> Work instructions:
Keep only those lines of the records that include the string "thesis".

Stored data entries
========
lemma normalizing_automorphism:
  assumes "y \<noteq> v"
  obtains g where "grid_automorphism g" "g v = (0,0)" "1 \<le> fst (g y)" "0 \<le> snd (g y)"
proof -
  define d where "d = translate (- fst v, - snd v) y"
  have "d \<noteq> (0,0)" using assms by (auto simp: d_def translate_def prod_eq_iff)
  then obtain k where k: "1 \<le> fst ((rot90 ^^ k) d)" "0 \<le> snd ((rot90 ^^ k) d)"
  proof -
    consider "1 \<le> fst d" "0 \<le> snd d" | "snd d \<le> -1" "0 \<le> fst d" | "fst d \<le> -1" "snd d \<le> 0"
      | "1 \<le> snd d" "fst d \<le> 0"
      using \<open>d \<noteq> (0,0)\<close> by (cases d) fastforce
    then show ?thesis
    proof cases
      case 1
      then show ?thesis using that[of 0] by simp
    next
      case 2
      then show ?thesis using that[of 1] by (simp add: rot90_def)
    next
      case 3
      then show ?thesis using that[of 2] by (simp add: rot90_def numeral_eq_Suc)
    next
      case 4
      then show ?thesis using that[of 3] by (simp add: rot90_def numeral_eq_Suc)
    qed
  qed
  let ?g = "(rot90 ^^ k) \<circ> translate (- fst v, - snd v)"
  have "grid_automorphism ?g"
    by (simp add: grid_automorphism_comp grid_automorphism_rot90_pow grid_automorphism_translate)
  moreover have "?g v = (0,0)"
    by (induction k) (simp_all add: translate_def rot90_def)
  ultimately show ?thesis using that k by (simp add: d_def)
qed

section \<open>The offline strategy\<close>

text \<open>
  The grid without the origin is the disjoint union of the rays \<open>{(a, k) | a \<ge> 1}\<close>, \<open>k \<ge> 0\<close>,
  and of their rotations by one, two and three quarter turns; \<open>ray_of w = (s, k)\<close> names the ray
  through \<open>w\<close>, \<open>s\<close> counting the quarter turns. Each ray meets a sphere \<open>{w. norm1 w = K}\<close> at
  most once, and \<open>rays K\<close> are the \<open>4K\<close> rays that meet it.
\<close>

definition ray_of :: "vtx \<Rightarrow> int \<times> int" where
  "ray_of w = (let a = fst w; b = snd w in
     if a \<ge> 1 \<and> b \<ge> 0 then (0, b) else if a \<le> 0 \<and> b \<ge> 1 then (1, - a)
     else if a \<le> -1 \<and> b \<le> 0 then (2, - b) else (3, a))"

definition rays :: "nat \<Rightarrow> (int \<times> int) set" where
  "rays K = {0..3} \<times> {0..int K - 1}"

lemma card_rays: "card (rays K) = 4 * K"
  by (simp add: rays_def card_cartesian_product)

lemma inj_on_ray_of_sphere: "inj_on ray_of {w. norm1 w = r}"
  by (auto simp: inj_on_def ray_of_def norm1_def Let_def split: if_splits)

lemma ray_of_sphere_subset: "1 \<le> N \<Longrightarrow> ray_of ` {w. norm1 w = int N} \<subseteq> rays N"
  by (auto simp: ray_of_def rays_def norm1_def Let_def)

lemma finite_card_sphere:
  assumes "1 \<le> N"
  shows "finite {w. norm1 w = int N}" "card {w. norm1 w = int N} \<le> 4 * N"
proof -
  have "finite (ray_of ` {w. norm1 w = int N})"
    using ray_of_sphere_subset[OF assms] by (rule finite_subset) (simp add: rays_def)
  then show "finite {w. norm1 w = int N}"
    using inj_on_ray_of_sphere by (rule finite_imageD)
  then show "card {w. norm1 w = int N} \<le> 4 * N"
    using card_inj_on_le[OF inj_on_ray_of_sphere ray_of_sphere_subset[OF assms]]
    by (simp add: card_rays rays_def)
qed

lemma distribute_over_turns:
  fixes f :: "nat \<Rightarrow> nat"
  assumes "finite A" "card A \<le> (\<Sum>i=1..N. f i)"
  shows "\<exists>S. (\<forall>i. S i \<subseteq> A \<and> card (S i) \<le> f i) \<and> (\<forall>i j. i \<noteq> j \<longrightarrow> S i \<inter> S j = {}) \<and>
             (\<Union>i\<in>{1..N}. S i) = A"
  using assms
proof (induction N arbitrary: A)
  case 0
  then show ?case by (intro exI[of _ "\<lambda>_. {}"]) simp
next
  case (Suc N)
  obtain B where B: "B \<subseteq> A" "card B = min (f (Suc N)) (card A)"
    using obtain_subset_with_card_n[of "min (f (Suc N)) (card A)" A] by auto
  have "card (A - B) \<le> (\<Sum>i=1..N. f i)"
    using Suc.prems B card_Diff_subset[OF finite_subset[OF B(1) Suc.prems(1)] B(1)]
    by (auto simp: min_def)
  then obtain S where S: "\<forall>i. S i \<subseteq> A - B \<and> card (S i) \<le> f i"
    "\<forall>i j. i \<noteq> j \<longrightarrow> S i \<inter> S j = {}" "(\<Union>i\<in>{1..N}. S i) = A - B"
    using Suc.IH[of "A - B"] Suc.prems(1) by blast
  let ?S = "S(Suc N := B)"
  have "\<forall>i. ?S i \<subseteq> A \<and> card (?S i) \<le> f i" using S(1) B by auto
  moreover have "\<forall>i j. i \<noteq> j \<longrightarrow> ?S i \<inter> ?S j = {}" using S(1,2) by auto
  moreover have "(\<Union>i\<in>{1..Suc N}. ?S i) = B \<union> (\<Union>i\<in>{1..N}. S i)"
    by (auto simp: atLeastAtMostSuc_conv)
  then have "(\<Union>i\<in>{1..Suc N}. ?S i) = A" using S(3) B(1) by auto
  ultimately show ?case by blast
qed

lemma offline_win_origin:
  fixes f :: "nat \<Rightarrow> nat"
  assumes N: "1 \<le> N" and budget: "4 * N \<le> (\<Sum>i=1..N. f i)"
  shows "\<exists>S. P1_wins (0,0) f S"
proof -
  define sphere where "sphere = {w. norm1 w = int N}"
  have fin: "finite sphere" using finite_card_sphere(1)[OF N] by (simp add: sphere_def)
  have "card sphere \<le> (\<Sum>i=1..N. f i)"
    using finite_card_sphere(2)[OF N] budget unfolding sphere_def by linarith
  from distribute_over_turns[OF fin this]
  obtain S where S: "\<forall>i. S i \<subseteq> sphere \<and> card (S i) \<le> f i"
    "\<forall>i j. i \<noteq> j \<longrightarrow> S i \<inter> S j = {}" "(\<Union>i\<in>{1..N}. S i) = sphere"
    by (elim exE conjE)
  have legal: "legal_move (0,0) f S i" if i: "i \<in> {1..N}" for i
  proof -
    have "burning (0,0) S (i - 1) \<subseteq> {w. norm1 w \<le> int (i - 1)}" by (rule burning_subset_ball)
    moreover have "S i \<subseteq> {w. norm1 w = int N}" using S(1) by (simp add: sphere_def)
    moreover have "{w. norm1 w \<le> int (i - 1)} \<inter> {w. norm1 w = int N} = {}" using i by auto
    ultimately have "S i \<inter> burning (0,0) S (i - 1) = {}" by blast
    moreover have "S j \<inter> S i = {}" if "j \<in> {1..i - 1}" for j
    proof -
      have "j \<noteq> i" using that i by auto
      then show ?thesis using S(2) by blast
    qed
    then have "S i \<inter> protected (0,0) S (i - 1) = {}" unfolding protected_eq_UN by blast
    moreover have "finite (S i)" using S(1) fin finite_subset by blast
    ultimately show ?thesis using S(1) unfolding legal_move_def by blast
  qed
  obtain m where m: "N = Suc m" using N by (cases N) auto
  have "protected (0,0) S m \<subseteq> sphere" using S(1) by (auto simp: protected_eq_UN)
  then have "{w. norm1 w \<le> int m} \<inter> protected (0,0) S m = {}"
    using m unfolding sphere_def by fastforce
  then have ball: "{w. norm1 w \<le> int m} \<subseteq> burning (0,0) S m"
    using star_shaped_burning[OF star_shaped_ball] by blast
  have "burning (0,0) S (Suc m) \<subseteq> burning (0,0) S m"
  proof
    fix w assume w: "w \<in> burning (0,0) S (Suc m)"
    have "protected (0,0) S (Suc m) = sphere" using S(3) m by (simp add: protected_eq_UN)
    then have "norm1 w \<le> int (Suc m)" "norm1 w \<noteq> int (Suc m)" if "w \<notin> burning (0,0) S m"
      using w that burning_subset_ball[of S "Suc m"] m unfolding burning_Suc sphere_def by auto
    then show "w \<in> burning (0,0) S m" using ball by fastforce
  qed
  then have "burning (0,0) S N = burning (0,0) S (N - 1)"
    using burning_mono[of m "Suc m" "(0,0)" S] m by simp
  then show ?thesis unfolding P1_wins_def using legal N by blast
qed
========
> Response to the task:
    then show ?thesis
      then show ?thesis using that[of 0] by simp
      then show ?thesis using that[of 1] by (simp add: rot90_def)
      then show ?thesis using that[of 2] by (simp add: rot90_def numeral_eq_Suc)
      then show ?thesis using that[of 3] by (simp add: rot90_def numeral_eq_Suc)
  ultimately show ?thesis using that k by (simp add: d_def)
      then show ?thesis using S(2) by blast
    ultimately show ?thesis using S(1) unfolding legal_move_def by blast
  then show ?thesis unfolding P1_wins_def using legal N by blast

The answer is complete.